Problem details:
This exercise calls for a copy of every line in the listing below that carries the word "length".

[Opening Records shown section]

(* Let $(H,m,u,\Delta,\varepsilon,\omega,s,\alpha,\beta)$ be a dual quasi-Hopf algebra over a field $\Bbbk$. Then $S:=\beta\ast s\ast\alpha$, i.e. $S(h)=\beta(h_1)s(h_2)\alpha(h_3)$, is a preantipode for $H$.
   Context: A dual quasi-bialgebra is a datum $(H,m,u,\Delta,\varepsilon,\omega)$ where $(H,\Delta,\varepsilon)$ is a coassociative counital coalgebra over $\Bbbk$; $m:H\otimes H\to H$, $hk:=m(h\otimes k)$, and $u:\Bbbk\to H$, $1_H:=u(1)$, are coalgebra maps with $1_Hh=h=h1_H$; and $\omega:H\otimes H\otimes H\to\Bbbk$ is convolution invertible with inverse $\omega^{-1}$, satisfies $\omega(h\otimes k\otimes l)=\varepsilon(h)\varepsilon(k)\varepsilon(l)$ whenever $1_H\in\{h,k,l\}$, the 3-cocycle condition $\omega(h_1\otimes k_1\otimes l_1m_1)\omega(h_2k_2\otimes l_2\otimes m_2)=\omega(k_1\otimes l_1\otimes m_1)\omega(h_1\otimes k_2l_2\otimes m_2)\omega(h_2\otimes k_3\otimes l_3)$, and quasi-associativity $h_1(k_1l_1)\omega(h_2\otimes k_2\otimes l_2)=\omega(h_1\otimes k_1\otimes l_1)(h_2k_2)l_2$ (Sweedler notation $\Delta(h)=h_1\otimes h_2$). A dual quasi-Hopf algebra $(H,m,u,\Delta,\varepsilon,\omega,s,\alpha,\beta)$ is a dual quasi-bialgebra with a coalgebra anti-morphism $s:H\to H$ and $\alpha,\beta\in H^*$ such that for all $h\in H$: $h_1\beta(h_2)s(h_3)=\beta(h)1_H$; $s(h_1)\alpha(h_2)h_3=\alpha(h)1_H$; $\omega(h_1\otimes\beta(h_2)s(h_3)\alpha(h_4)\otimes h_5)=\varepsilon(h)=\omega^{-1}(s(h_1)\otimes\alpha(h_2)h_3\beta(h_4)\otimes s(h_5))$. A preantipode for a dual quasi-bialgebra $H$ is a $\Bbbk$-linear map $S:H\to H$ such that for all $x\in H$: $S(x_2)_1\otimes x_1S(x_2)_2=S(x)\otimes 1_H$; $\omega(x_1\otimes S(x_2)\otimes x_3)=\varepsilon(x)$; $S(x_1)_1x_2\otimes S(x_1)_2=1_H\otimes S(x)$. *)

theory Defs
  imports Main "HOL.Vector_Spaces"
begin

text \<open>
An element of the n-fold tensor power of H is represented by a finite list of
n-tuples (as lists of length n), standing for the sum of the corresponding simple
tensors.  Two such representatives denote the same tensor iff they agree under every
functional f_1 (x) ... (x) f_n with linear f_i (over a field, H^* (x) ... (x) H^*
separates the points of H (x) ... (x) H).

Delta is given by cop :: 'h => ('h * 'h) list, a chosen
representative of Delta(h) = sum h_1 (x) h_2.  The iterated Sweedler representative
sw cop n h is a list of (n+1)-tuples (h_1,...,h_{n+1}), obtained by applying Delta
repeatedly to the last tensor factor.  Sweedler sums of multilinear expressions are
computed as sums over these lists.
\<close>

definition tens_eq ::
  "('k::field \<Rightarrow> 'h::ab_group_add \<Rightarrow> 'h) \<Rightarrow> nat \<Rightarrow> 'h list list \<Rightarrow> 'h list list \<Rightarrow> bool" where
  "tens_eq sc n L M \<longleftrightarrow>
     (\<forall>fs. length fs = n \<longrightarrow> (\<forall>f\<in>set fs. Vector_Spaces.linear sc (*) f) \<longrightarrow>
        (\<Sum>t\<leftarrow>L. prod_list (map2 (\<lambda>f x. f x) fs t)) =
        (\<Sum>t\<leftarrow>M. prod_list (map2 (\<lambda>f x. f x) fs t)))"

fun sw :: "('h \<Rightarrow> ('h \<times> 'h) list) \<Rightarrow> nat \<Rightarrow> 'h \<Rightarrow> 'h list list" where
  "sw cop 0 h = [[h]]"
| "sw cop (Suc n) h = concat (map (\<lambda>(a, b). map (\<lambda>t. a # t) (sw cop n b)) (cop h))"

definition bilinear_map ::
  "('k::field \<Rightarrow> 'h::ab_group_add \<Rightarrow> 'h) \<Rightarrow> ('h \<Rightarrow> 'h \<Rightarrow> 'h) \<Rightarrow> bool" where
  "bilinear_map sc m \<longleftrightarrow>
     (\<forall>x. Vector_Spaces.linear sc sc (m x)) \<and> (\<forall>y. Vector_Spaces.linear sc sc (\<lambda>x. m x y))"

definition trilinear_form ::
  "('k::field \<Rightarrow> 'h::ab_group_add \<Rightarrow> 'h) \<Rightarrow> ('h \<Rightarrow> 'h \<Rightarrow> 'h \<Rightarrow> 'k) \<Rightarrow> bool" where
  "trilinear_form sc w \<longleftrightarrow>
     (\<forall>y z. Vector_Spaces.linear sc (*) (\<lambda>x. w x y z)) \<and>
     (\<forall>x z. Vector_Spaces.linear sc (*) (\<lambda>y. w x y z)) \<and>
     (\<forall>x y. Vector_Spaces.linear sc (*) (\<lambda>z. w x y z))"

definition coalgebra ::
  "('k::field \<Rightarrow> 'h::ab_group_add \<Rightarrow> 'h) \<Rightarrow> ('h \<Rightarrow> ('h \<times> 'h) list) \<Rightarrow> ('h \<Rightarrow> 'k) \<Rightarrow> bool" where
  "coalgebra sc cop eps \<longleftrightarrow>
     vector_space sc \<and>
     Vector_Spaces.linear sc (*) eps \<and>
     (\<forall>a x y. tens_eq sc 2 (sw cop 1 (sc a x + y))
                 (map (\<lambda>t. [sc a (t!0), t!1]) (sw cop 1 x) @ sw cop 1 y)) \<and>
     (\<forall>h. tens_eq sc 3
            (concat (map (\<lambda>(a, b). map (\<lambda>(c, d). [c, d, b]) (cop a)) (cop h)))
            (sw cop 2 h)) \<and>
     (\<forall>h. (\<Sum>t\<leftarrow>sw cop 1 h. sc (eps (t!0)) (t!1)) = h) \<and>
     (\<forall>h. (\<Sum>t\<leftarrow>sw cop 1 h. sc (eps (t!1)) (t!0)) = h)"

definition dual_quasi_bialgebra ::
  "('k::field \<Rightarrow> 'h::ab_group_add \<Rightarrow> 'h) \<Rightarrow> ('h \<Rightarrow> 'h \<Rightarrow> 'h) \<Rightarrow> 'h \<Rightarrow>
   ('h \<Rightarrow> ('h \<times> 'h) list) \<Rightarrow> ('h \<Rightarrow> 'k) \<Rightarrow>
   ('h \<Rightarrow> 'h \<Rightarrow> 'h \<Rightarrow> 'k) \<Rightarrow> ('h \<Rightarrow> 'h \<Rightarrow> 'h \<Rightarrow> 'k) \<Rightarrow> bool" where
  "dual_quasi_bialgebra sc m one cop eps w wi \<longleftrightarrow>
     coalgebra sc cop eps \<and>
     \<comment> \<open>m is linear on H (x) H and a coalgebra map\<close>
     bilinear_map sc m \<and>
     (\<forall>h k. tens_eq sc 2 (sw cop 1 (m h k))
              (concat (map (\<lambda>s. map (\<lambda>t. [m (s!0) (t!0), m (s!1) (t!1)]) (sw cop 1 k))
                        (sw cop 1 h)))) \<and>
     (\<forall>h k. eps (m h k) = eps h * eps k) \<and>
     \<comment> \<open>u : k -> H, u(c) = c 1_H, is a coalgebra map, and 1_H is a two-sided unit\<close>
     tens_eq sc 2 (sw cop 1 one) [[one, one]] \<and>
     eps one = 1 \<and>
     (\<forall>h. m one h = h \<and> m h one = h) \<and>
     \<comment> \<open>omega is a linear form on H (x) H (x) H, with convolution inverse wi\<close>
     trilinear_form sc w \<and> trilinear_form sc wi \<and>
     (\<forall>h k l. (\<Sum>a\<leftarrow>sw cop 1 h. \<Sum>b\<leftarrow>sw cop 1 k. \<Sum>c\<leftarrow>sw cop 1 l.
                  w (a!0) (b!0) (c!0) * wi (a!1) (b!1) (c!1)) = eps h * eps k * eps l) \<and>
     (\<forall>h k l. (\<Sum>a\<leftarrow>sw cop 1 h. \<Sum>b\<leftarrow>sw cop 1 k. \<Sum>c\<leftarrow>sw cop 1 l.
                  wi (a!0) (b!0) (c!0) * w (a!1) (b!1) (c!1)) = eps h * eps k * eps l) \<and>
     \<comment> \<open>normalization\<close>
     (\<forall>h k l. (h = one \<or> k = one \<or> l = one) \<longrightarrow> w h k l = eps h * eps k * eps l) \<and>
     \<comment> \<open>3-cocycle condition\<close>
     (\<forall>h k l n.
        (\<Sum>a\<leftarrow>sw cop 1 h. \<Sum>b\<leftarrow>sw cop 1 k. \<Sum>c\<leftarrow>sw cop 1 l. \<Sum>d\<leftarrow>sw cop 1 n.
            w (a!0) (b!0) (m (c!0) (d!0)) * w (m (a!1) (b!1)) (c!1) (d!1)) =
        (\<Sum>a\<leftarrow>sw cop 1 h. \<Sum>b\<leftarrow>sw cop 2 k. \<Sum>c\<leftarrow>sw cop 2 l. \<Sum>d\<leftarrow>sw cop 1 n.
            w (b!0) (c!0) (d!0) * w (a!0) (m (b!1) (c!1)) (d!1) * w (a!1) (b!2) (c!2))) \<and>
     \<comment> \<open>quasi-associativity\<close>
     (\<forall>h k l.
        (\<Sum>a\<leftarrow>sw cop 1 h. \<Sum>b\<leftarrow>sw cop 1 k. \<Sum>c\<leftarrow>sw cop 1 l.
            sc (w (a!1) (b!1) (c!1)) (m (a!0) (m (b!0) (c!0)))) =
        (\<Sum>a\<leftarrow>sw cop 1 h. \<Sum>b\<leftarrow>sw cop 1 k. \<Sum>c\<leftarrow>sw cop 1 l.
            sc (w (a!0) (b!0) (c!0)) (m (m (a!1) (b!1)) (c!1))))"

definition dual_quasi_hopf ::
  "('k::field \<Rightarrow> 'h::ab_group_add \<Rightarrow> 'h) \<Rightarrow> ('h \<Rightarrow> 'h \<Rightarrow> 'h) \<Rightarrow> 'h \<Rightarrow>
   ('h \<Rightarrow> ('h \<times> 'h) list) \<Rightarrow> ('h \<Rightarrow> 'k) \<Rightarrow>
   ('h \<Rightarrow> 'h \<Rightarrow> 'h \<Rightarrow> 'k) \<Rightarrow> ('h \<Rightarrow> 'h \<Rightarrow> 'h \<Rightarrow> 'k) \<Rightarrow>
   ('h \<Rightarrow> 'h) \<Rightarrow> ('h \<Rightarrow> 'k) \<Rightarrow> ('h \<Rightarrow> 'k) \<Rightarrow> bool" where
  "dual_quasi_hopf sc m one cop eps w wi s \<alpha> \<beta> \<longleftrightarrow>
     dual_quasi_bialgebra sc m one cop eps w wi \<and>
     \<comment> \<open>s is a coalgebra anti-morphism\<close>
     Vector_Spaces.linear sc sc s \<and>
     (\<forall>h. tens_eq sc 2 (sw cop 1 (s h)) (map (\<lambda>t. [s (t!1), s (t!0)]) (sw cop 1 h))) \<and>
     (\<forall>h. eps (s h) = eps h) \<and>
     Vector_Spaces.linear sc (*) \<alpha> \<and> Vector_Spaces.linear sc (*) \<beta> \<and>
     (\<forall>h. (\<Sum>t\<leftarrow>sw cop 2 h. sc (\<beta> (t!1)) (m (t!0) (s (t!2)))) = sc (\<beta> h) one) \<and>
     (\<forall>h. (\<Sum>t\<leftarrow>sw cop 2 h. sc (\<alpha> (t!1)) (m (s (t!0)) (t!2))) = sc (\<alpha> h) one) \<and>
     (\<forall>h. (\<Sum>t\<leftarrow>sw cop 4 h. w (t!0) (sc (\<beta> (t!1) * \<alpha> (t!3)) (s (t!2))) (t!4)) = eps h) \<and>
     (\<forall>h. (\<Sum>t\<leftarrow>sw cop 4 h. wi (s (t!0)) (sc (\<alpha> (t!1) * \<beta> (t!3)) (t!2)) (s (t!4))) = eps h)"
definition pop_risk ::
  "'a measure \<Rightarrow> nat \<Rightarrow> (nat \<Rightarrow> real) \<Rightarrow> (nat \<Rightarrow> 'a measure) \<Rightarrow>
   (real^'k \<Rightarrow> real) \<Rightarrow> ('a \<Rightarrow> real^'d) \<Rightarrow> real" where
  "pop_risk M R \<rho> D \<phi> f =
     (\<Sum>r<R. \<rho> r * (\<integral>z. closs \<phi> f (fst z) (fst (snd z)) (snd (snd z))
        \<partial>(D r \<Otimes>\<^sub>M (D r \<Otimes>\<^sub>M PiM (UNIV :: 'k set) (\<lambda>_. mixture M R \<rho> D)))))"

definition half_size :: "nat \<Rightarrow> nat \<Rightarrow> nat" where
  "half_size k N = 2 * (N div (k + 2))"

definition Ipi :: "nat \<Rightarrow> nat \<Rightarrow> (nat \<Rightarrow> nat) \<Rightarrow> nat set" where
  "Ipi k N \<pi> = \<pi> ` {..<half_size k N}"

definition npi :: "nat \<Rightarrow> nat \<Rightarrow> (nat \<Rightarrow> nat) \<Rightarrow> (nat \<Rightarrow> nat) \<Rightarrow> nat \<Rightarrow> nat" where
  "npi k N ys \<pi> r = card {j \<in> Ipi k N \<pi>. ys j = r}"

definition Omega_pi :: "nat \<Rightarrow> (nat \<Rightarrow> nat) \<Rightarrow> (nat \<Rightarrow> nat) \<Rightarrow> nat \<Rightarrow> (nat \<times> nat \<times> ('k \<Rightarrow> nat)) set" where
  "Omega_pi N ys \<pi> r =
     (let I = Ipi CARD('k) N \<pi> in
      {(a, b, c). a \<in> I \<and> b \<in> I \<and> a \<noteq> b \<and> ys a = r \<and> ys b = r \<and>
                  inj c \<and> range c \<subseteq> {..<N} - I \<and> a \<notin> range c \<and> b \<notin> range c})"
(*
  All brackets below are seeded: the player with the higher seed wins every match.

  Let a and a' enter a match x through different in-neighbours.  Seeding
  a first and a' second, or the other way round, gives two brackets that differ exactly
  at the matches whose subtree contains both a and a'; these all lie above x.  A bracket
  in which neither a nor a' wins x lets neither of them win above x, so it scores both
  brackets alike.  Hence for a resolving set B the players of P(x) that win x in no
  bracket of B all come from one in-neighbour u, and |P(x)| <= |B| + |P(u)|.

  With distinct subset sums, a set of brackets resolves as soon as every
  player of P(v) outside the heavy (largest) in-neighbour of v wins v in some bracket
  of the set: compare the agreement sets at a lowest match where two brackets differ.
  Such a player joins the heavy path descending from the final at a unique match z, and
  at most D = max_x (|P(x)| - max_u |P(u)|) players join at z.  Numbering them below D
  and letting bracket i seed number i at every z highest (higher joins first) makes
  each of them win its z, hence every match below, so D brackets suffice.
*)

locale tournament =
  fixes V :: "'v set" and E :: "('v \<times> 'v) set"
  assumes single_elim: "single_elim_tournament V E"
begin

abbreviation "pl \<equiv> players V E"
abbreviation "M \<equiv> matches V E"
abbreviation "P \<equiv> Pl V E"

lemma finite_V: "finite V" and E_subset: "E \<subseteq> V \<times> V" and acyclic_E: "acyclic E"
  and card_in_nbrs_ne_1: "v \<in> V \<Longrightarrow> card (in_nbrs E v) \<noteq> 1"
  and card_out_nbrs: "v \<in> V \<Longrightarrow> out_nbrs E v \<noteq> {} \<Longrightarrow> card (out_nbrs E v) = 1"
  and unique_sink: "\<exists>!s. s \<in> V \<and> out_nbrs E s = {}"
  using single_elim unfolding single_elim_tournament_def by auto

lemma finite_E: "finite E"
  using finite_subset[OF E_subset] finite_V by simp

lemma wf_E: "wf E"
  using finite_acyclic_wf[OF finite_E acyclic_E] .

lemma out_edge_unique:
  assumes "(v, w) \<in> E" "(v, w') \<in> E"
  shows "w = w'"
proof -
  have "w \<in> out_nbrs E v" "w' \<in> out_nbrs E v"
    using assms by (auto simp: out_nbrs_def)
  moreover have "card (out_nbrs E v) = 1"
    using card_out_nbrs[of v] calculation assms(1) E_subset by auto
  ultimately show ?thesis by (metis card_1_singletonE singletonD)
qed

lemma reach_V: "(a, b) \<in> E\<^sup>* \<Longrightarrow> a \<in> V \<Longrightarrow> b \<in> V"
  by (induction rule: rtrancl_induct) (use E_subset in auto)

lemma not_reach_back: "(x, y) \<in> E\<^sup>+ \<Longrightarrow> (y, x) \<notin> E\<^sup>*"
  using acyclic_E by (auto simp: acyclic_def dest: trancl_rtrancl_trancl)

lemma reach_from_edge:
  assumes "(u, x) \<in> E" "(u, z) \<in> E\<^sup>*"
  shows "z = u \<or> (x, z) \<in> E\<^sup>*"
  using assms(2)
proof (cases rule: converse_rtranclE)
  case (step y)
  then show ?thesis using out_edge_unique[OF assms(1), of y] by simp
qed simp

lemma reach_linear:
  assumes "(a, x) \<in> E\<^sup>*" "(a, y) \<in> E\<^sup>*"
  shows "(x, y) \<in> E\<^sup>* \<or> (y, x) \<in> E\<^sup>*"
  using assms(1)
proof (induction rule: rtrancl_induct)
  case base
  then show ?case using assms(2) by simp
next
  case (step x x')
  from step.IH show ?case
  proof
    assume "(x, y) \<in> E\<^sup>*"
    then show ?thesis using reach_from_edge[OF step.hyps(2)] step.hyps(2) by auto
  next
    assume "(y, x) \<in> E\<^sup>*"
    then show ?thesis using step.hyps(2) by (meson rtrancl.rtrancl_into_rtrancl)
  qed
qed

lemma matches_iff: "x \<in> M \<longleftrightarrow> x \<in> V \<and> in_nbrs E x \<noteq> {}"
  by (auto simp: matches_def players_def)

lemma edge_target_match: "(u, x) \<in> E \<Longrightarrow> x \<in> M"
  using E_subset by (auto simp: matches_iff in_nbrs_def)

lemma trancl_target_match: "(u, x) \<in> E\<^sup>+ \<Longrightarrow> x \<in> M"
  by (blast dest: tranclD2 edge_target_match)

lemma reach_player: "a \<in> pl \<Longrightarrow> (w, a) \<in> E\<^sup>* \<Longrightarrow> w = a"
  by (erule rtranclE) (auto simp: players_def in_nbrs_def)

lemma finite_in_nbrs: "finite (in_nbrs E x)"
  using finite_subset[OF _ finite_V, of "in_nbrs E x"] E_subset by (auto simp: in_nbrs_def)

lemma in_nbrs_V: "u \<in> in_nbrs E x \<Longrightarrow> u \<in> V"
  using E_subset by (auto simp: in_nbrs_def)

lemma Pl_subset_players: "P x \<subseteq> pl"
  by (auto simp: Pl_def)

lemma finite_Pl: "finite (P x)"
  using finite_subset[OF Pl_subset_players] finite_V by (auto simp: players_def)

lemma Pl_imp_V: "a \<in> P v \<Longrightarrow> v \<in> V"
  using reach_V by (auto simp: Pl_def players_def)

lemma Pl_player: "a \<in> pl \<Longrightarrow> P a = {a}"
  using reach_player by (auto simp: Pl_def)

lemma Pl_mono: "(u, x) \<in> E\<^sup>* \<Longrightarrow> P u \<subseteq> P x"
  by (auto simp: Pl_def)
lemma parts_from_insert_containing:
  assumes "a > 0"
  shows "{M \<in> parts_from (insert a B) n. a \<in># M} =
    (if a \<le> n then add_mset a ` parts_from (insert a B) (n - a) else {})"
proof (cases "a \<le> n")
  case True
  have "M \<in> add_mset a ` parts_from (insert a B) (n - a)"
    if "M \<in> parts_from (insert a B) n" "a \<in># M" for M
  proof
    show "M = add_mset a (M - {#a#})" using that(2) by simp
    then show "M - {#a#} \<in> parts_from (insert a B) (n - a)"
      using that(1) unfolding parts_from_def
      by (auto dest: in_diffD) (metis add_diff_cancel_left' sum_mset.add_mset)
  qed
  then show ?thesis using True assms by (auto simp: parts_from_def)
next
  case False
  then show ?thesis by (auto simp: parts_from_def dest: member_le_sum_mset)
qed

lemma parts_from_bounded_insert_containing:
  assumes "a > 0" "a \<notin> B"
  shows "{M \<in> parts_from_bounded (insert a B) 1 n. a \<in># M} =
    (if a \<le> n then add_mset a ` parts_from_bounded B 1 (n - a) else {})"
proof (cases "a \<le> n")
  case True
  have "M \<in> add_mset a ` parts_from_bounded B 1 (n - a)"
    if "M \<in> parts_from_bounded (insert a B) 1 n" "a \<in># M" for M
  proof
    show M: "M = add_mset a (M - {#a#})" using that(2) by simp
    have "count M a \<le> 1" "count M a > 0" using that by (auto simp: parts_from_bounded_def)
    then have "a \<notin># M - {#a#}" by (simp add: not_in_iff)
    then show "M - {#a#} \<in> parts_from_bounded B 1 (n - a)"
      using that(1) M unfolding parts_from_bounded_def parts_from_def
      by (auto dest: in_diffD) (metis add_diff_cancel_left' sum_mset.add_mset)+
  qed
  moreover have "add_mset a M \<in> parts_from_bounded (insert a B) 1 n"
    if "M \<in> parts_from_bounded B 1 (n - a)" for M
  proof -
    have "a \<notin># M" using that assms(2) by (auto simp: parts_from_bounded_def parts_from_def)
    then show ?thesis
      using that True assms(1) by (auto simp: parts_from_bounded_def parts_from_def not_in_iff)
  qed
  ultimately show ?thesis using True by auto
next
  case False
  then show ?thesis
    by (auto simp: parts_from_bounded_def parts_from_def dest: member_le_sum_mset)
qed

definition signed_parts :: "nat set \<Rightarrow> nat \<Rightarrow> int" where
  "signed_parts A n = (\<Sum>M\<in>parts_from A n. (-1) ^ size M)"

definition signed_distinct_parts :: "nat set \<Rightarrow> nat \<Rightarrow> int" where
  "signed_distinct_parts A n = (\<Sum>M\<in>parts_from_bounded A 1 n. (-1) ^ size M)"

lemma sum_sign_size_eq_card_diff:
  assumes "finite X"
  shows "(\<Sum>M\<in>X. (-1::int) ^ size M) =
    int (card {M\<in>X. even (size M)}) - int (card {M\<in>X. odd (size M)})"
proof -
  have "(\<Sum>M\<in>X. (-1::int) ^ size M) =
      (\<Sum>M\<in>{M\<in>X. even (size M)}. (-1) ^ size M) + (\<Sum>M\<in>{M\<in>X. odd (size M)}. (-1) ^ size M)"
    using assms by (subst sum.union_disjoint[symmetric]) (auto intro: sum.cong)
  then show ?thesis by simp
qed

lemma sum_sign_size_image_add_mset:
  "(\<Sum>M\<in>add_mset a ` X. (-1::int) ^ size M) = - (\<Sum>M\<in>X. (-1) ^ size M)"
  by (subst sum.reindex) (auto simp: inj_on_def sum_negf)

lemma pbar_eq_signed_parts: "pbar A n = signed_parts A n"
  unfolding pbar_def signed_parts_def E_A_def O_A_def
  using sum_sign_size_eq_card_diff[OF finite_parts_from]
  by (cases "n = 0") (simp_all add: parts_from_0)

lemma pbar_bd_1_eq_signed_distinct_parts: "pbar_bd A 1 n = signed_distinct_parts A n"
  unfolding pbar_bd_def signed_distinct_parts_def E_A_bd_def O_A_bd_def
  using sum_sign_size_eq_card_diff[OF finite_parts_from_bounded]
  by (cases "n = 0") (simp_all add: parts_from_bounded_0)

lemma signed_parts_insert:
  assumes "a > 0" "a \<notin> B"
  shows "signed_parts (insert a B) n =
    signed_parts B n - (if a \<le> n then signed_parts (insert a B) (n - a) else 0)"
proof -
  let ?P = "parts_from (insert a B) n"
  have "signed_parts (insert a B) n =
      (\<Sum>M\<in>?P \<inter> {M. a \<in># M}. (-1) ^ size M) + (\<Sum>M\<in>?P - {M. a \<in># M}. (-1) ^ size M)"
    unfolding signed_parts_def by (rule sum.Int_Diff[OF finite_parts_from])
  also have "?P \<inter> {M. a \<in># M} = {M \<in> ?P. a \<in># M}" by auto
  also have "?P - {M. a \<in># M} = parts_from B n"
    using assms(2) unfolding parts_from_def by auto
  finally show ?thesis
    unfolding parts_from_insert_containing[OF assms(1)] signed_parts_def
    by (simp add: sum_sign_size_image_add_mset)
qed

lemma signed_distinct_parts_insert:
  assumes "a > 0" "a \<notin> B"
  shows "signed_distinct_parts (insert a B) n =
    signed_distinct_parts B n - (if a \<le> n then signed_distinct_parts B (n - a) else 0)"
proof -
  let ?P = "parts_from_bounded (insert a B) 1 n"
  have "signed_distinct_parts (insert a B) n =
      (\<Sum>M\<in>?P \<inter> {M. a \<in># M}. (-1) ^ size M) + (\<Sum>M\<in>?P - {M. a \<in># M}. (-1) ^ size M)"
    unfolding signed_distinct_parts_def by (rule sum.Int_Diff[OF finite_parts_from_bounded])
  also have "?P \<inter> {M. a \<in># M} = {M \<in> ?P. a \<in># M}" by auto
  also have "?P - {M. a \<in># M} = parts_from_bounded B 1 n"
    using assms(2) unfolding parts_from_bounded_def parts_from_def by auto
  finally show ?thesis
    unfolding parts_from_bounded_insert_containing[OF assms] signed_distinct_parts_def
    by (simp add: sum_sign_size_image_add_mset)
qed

[Closing Records shown section]

Answer to the exercise:
n-tuples (as lists of length n), standing for the sum of the corresponding simple
     (\<forall>fs. length fs = n \<longrightarrow> (\<forall>f\<in>set fs. Vector_Spaces.linear sc (*) f) \<longrightarrow>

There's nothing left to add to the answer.